**Goal of the exercise:**
Retype, exactly as they appear below, the lines between the line holding "E (tree_path T" and the line holding "proof (rule ccontr)", both ends included.

**Data for the task:**
lemma is_cycle_of_meeting_paths:
  assumes "sym T" and xA: "is_path T (x # A)" and xB: "is_path T (x # B)"
    and meet: "set A \<inter> set B = {last B}" "last A = last B" and "hd A \<noteq> hd B"
  shows "is_cycle T (x # A @ rev (butlast B))"
proof -
  have "A \<noteq> []" "B \<noteq> []" using meet(1) by auto
  have B: "is_path T B" and xB': "(x, hd B) \<in> T" "x \<notin> set B"
    using xB is_path_append_iff[of "[x]" B T] \<open>B \<noteq> []\<close> by auto
  have "distinct (butlast B @ [last B])" using B \<open>B \<noteq> []\<close> by (simp add: is_path_def)
  then have "last B \<notin> set (butlast B)" by simp
  let ?c = "x # A @ rev (butlast B)"
  have c: "is_path T ?c \<and> length ?c \<ge> 3 \<and> last ?c = hd B"
  proof (cases "butlast B = []")
    case True
    then have "B = [last B]" using \<open>B \<noteq> []\<close> by (metis append_butlast_last_id append_Nil)
    then have "hd B = last B" by (metis list.sel(1))
    then have "length A \<noteq> 1" using meet(2) \<open>hd A \<noteq> hd B\<close> by (cases A) auto
    moreover have "length A > 0" using \<open>A \<noteq> []\<close> by simp
    ultimately have "length A \<ge> 2" by linarith
    then show ?thesis using True xA \<open>A \<noteq> []\<close> \<open>hd B = last B\<close> meet(2) by simp
  next
    case False
    have "is_path T (butlast B @ [last B])" using B \<open>B \<noteq> []\<close> by simp
    then have "is_path T (butlast B)" "(last (butlast B), last B) \<in> T"
      using is_path_append_iff[of "butlast B" "[last B]" T] False by simp_all
    then have rev_path: "is_path T (rev (butlast B))"
      and junction: "(last A, hd (rev (butlast B))) \<in> T"
      using \<open>sym T\<close> meet(2) by (simp_all add: is_path_rev hd_rev symD)
    have "set (butlast B) \<subseteq> set B - {last B}"
      using \<open>last B \<notin> set (butlast B)\<close> in_set_butlastD by fast
    then have "set (x # A) \<inter> set (rev (butlast B)) = {}"
      using meet(1) xB'(2) by auto
    then have "is_path T ((x # A) @ rev (butlast B))"
      using is_path_append_iff[of "x # A" "rev (butlast B)" T] xA rev_path junction False \<open>A \<noteq> []\<close>
      by simp
    moreover have "hd (butlast B) = hd B"
      using False by (cases B) (auto split: if_splits)
    moreover have "length A > 0" "length (butlast B) > 0"
      using \<open>A \<noteq> []\<close> False by (simp, metis length_greater_0_conv)
    ultimately show ?thesis using False by (simp add: last_rev del: length_greater_0_conv)
  qed
  moreover have "(last ?c, hd ?c) \<in> T" using c symD[OF \<open>sym T\<close> xB'(1)] by simp
  ultimately show ?thesis using c by (simp add: is_cycle_iff_closed_path)
qed

lemma exists_cycle_if_paths_diverge:
  assumes "sym T" and xp: "is_path T (x # p)" and xq: "is_path T (x # q)"
    and "p \<noteq> []" "q \<noteq> []" "last p = last q" "hd p \<noteq> hd q"
  shows "\<exists>c. is_cycle T c"
proof -
  have "set p \<inter> set q \<noteq> {}"
    using assms(4-6) by (metis IntI empty_iff last_in_set)
  then obtain i j where ij: "i < length p" "j < length q" "p ! i = q ! j"
    and meet: "set (take (Suc i) p) \<inter> set (take (Suc j) q) = {q ! j}"
    by (rule first_meeting_prefixes)
  define A where "A = take (Suc i) p"
  define B where "B = take (Suc j) q"
  have "is_path T (x # A)" "is_path T (x # B)"
    using is_path_take[OF xp, of "Suc (Suc i)"] is_path_take[OF xq, of "Suc (Suc j)"]
    by (simp_all add: A_def B_def)
  moreover have "last A = last B" "set A \<inter> set B = {last B}" "hd A \<noteq> hd B"
    using ij meet assms(7) by (simp_all add: A_def B_def last_take_Suc)
  ultimately have "is_cycle T (x # A @ rev (butlast B))"
    using \<open>sym T\<close> by (intro is_cycle_of_meeting_paths)
  then show ?thesis ..
qed

lemma acyclic_path_unique:
  assumes "sym T" "\<nexists>c. is_cycle T c"
  shows "path_from_to T x y p \<Longrightarrow> path_from_to T x y q \<Longrightarrow> p = q"
proof (induction p arbitrary: x q)
  case Nil
  then show ?case by (simp add: path_from_to_def is_path_def)
next
  case (Cons x' p)
  have "x' = x" using Cons.prems(1) by (simp add: path_from_to_def)
  obtain q' where q: "q = x # q'"
    using Cons.prems(2) by (cases q) (auto simp: path_from_to_def is_path_def)
  show ?case
  proof (cases "p = [] \<or> q' = []")
    case True
    then have "y = x" using Cons.prems q \<open>x' = x\<close> by (auto simp: path_from_to_def)
    then have loops: "path_from_to T x x (x # p)" "path_from_to T x x q"
      using Cons.prems \<open>x' = x\<close> by simp_all
    show ?thesis
      using path_from_to_self[OF loops(1)] path_from_to_self[OF loops(2)] \<open>x' = x\<close> by simp
  next
    case False
    then have p: "path_from_to T (hd p) y p" and q': "path_from_to T (hd q') y q'"
      using Cons.prems q \<open>x' = x\<close> by (auto intro: path_from_to_tl)
    have "is_path T (x # p)" "is_path T (x # q')"
      using Cons.prems q \<open>x' = x\<close> by (simp_all add: path_from_to_def)
    moreover have "last p = last q'" using p q' by (simp add: path_from_to_def)
    ultimately have "hd p = hd q'"
      using exists_cycle_if_paths_diverge[OF \<open>sym T\<close>] False assms(2) by blast
    then show ?thesis using Cons.IH[OF p] q' q \<open>x' = x\<close> by simp
  qed
qed

lemma tree_path_eqI:
  assumes "sym T" "\<nexists>c. is_cycle T c" "path_from_to T x y p"
  shows "tree_path T x y = p"
  unfolding tree_path_def using acyclic_path_unique[OF assms(1,2)] assms(3)
  by (blast intro: the_equality)

lemma tree_path_from_to:
  assumes "spanning_tree V E T" "x \<in> V" "y \<in> V"
  shows "path_from_to T x y (tree_path T x y)"
proof -
  obtain p where "path_from_to T x y p"
    using assms unfolding spanning_tree_def connected_graph_def by blast
  moreover have "tree_path T x y = p"
    using assms(1) calculation by (intro tree_path_eqI) (auto simp: spanning_tree_def)
  ultimately show ?thesis by simp
qed

lemma tree_path_tree_edge:
  assumes "spanning_tree V E T" "(s, t) \<in> T" "s \<noteq> t"
  shows "tree_path T s t = [s, t]"
  using assms by (intro tree_path_eqI)
    (auto simp: spanning_tree_def path_from_to_def is_path_def nth_Cons split: nat.splits)

lemma tree_path_through:
  assumes "spanning_tree V E T" "r \<in> V" "t \<in> V" "s \<in> set (tree_path T r t)"
  obtains a b where "tree_path T r t = a @ s # b"
    "tree_path T r s = a @ [s]" "tree_path T s t = s # b"
proof -
  obtain a b where ab: "tree_path T r t = a @ s # b"
    using assms(4) by (meson split_list)
  have "path_from_to T r t (a @ s # b)"
    using tree_path_from_to[OF assms(1-3)] ab by simp
  then have rs: "path_from_to T r s (a @ [s])" and st: "path_from_to T s t (s # b)"
    by (auto simp: path_from_to_def is_path_iff_successively successively_append_iff hd_append)
  have "sym T" "\<nexists>c. is_cycle T c" using assms(1) by (simp_all add: spanning_tree_def)
  then show ?thesis using that[OF ab tree_path_eqI[OF _ _ rs] tree_path_eqI[OF _ _ st]] by simp
qed

lemma is_cycle_tree_path_non_tree_edge:
  assumes "simple_graph V E" "spanning_tree V E T" "(s, t) \<in> E" "(s, t) \<notin> T"
  shows "is_cycle E (tree_path T s t)"
proof -
  let ?p = "tree_path T s t"
  have "s \<in> V" "t \<in> V" "s \<noteq> t"
    using assms(1,3) by (auto simp: simple_graph_def irrefl_def)
  then have p: "is_path T ?p" "hd ?p = s" "last ?p = t"
    using tree_path_from_to[OF assms(2)] by (auto simp: path_from_to_def)
  have "length ?p \<ge> 3"
  proof (rule ccontr)
    assume "\<not> length ?p \<ge> 3"
    then consider "length ?p = 0" | "length ?p = 1" | "length ?p = 2" by linarith
    then show False
    proof cases
      case 1 then show ?thesis using p by (simp add: is_path_def)
    next
      case 2 then show ?thesis using p \<open>s \<noteq> t\<close> by (cases ?p) auto
    next
      case 3
      then obtain a b where "?p = [a, b]" by (auto simp: length_Suc_conv numeral_2_eq_2)
      then show ?thesis using p assms(4) by (auto simp: is_path_def)
    qed
  qed
  moreover have "is_path E ?p"
    using p(1) assms(2) by (auto simp: is_path_def spanning_tree_def)
  moreover have "(last ?p, hd ?p) \<in> E"
    using p assms(1,3) symD[of E s t] by (simp add: simple_graph_def)
  ultimately show ?thesis by (simp add: is_cycle_iff_closed_path)
qed

lemma is_cycle_if_directed_fundamental_cycle:
  assumes "simple_graph V E" "spanning_tree V E T" "C \<in> directed_fundamental_cycles E T r"
  shows "is_cycle E C"
  using assms(3) is_cycle_tree_path_non_tree_edge[OF assms(1,2)]
  unfolding directed_fundamental_cycles_def by auto

fun path_gain :: "('a \<Rightarrow> 'a \<Rightarrow> 'b::comm_monoid_mult) \<Rightarrow> 'a list \<Rightarrow> 'b" where
  "path_gain \<phi> (x # y # xs) = \<phi> x y * path_gain \<phi> (y # xs)"
| "path_gain \<phi> _ = 1"

lemma path_gain_append:
  "path_gain \<phi> (a @ s # b) = path_gain \<phi> (a @ [s]) * path_gain \<phi> (s # b)"
  by (induction a rule: induct_list012) (simp_all add: mult.assoc)

lemma path_gain_eq_prod: "path_gain \<phi> xs = (\<Prod>i<length xs - 1. \<phi> (xs ! i) (xs ! Suc i))"
  by (induction \<phi> xs rule: path_gain.induct)
    (simp_all add: prod.lessThan_Suc_shift del: prod.lessThan_Suc)

lemma cycle_gain_eq_path_gain:
  assumes "c \<noteq> []"
  shows "cycle_gain \<phi> c = path_gain \<phi> c * \<phi> (last c) (hd c)"
proof -
  obtain m where m: "length c = Suc m" using assms by (cases c) auto
  have "cycle_gain \<phi> c = (\<Prod>i<m. \<phi> (c ! i) (c ! (Suc i mod Suc m))) * \<phi> (c ! m) (c ! 0)"
    by (simp add: cycle_gain_def m)
  also have "(\<Prod>i<m. \<phi> (c ! i) (c ! (Suc i mod Suc m))) = (\<Prod>i<m. \<phi> (c ! i) (c ! Suc i))"
    by (rule prod.cong) auto
  also have "\<dots> * \<phi> (c ! m) (c ! 0) = path_gain \<phi> c * \<phi> (last c) (hd c)"
    using assms m by (simp add: path_gain_eq_prod last_conv_nth hd_conv_nth)
  finally show ?thesis .
qed

lemma path_gain_nonzero:
  fixes \<phi> :: "'a \<Rightarrow> 'a \<Rightarrow> 'b::{comm_semiring_1, semiring_no_zero_divisors}"
  shows "successively (\<lambda>u v. \<phi> u v \<noteq> 0) p \<Longrightarrow> path_gain \<phi> p \<noteq> 0"
  by (induction \<phi> p rule: path_gain.induct) auto

lemma path_gain_telescope:
  fixes \<phi> :: "'a \<Rightarrow> 'a \<Rightarrow> 'b::field"
  assumes "successively (\<lambda>u v. \<phi> u v = f v / f u) p" "p \<noteq> []" "\<forall>v\<in>set p. f v \<noteq> 0"
  shows "path_gain \<phi> p = f (last p) / f (hd p)"
  using assms by (induction \<phi> p rule: path_gain.induct) auto

lemma cycle_gain_eq_1_if_potential_quotient:
  assumes "E \<subseteq> V \<times> V" "is_cycle E C"
    and quotient: "\<forall>(u, v)\<in>E. \<psi> u v = f v / f u" and nonzero: "\<forall>v\<in>V. f v \<noteq> 0"
  shows "cycle_gain \<psi> C = 1"
proof -
  have C: "C \<noteq> []" "successively (\<lambda>u v. (u, v) \<in> E) C" "(last C, hd C) \<in> E"
    using assms(2) by (auto simp: is_cycle_iff_closed_path is_path_iff_successively)
  have "set C \<subseteq> V"
  proof
    fix v assume "v \<in> set C"
    then obtain i where "i < length C" "C ! i = v" by (auto simp: in_set_conv_nth)
    then show "v \<in> V" using assms(1,2) unfolding is_cycle_def by blast
  qed
  then have "path_gain \<psi> C = f (last C) / f (hd C)"
    using C quotient nonzero by (intro path_gain_telescope) (auto elim!: successively_mono)
  moreover have "f (last C) \<noteq> 0" "f (hd C) \<noteq> 0"
    using \<open>set C \<subseteq> V\<close> last_in_set[OF C(1)] hd_in_set[OF C(1)] nonzero by auto
  ultimately show ?thesis
    using C(1,3) quotient by (auto simp: cycle_gain_eq_path_gain)
qed

lemma T_gainD:
  assumes "T_gain E \<phi>" "(u, v) \<in> E"
  shows "cmod (\<phi> u v) = 1" "\<phi> v u = inverse (\<phi> u v)"
  using bspec[OF assms(1)[unfolded T_gain_def] assms(2)] by simp_all

lemma T_gain_nonzero: "T_gain E \<phi> \<Longrightarrow> (u, v) \<in> E \<Longrightarrow> \<phi> u v \<noteq> 0"
  using T_gainD(1) by fastforce

lemma T_gain_divide:
  assumes "T_gain E \<phi>1" "T_gain E \<phi>2"
  shows "T_gain E (\<lambda>u v. \<phi>1 u v / \<phi>2 u v)"
  unfolding T_gain_def
proof clarify
  fix u v assume "(u, v) \<in> E"
  then show "cmod (\<phi>1 u v / \<phi>2 u v) = 1 \<and> \<phi>1 v u / \<phi>2 v u = inverse (\<phi>1 u v / \<phi>2 u v)"
    using T_gainD[OF assms(1)] T_gainD[OF assms(2)]
    by (simp add: norm_mult norm_inverse divide_inverse mult.commute)
qed

lemma cycle_gain_eq_iff_ratio_gain_eq_1:
  assumes "T_gain E \<phi>2" "is_cycle E C"
  shows "cycle_gain \<phi>1 C = cycle_gain \<phi>2 C \<longleftrightarrow> cycle_gain (\<lambda>u v. \<phi>1 u v / \<phi>2 u v) C = 1"
proof -
  have "\<forall>i<length C. (C ! i, C ! (Suc i mod length C)) \<in> E"
    using assms(2) by (simp add: is_cycle_def)
  then have "cycle_gain \<phi>2 C \<noteq> 0"
    unfolding cycle_gain_def using T_gain_nonzero[OF assms(1)] by simp
  then show ?thesis unfolding cycle_gain_def by (simp add: prod_dividef)
qed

**Result below:**
  shows "is_cycle E (tree_path T s t)"
proof -
  let ?p = "tree_path T s t"
  have "s \<in> V" "t \<in> V" "s \<noteq> t"
    using assms(1,3) by (auto simp: simple_graph_def irrefl_def)
  then have p: "is_path T ?p" "hd ?p = s" "last ?p = t"
    using tree_path_from_to[OF assms(2)] by (auto simp: path_from_to_def)
  have "length ?p \<ge> 3"
  proof (rule ccontr)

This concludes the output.